The shows run the gamut between PG-13 and an R rating, with the horror musicals naturally being rated R.

"I'd say the lowest we've gotten is PG,” says Shindlbeck.

Wilde Tales will be one such show. Shindlbeck notes that the company is “always very forward in their advertising as to content."

In addition to Wilde Tales, The Stark Turn Player add A Terrible Memory, a new play by local playwright Cordello Jordan,  to their full 2012 lineup as well as PSYCHO: The Musical for Halloween. They are also toying with new concepts, such as creating works incorporating modern and ballroom dance.

Quillin describes Grand Rapids’ theatre scene as more diverse than cities of comparable size in Michigan, but where does Stark Turn fit in?

Quillin answers, "I think every theater in Grand Rapids has its audience. Grand Rapids Community Theater has one audience, and they have 750 seats to fill. That makes a big difference [as to] what you can put on the stage. So, they are going to do standards in the repertoire. They have found that even Shakespeare doesn't fill 750 seats, so they don't really do it very much. Actors’ Theater call themselves the Off-Broadway of GR. They do things that stretch they limits, with an Off-Broadway kind of context."

This is why they consider themselves the Off-Off Broadway of Grand Rapids. She further explains that Dog Story, with 50-60 seats, is helpful in accommodating their niche.

"Some people into theater go to everything,” says Quillin. "I go to everything. So, we are doing different things that are going to expand your mind in a different way. A new playwright or some sort of work you would not normally see on the stage is going to get produced. There may only be a handful -- 60 people a night -- who are interested in seeing that, but that's what we can afford."

Much of Quillin's viewpoint is informed by her experiences in theater in the Detroit Metro area, where she is originally from.

"Grand Rapids is the second largest city in the state,” she says. “We have more community, semi-professional and profession theater than anywhere else. I am originally from the East side of the state, and community theater there was very rudimentary when I was there. It is just now starting to kind of keep up with Grand Rapids."

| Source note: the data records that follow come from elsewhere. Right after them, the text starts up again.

(* Let $\mu$ be a Borel probability measure on the unit circle $\mathbb{S}^1\subset\mathbb{R}^2$. Then $$\int_{\mathbb{S}^1}\int_{\mathbb{S}^1}\int_{\mathbb{S}^1}\left|\langle x,y\rangle\langle x,z\rangle\langle y,z\rangle\right|\,d\mu(x)\,d\mu(y)\,d\mu(z)\ge\frac14,$$ with equality if and only if $\mu$ is, up to central symmetry, a convex combination of uniform distributions over two (not necessarily distinct) orthonormal bases; that is, letting $\pi:\mathbb{S}^1\to\mathbb{S}^1/\{\pm1\}$ be the quotient map $x\mapsto[x]=\{x,-x\}$, equality holds if and only if there exist unit vectors $a,b\in\mathbb{S}^1$ and $\lambda\in[0,1]$ such that $$\pi_*\mu=\lambda\left(\tfrac12\delta_{[a]}+\tfrac12\delta_{[a^\perp]}\right)+(1-\lambda)\left(\tfrac12\delta_{[b]}+\tfrac12\delta_{[b^\perp]}\right),$$ where $v^\perp$ denotes a unit vector orthogonal to $v$.
   Context: $\langle\cdot,\cdot\rangle$ is the Euclidean inner product on $\mathbb{R}^2$; $\pi_*\mu$ denotes the pushforward measure and $\delta$ a Dirac mass. *)

theory Defs
  imports "HOL-Probability.Probability"
begin

definition triple_energy :: "(real^2) measure \<Rightarrow> real" where
  "triple_energy M = (\<integral>z. (\<integral>y. (\<integral>x. \<bar>(x \<bullet> y) * (x \<bullet> z) * (y \<bullet> z)\<bar> \<partial>M) \<partial>M) \<partial>M)"

text \<open>Pushforward of M to S^1/{+-1} described on its Borel sets, i.e. on
  centrally symmetric Borel sets A (A = -A).\<close>
definition two_bases_mixture ::
  "(real^2) measure \<Rightarrow> real^2 \<Rightarrow> real^2 \<Rightarrow> real^2 \<Rightarrow> real^2 \<Rightarrow> real \<Rightarrow> bool" where
  "two_bases_mixture M a a' b b' lam \<longleftrightarrow>
     (\<forall>A \<in> sets borel. uminus ` A = A \<longrightarrow>
        measure M A =
          lam * (indicator A a / 2 + indicator A a' / 2)
          + (1 - lam) * (indicator A b / 2 + indicator A b' / 2))"

end

theory Submission
  imports Defs
begin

Local playwright Randy Wyatt, who runs the theater program at Aquinas College, is quite positive about Stark Turn and Dog Story Theater. In 2010, they produced his play, MINT, for a small, but appreciative audience at Dog Story Theater.

"I think Dog Story, [as] a venue, has enabled an explosion of new work and experimental forms in GR," says Wyatt. “Stark Turn. in particular. has taken that and run with it. Small theatre venues and companies like this are the earmark of a town growing up, in my opinion."

The group’s stated mission, as posted on their website, is to provide a professional, nonprofit theatre company in the Greater Grand Rapids area of Michigan which offers paid training for students and community members interested in pursuing the theatre arts as a career through various multi-styled performances and studio programs throughout the year.

Many of the students involved come from the board member's alma mater, Grand Valley State University. Stark Turn endeavors to allow students to be more independent in professional theater, giving the students the kind of experience they would not necessarily receive in an academic setting. Their efforts have been repaid.

"Grand Valley has helped us out a lot,” Stark says. "They donated costumes and fabric in the early days. Now we are more independent, and stand on our own feet."

But the company has been fulfilling in other ways, too.

"My passion is theater and I like theater that pushes boundaries,” Stark says. “It's powerful and can make an impact. And to have a team by my side, to have the opportunity to do that, is wonderful."

The Stark Turn Players are holding auditions for the 2012 season Sun., Feb. 12 and Monday Feb. 13 at Plaza Towers. Details can be found on their website.

Joseph Charles McIntosh is a local poet and an original cast member of Super Happy Funtime Burlesque. He was also a cabdriver in Grand Rapids for 12 years.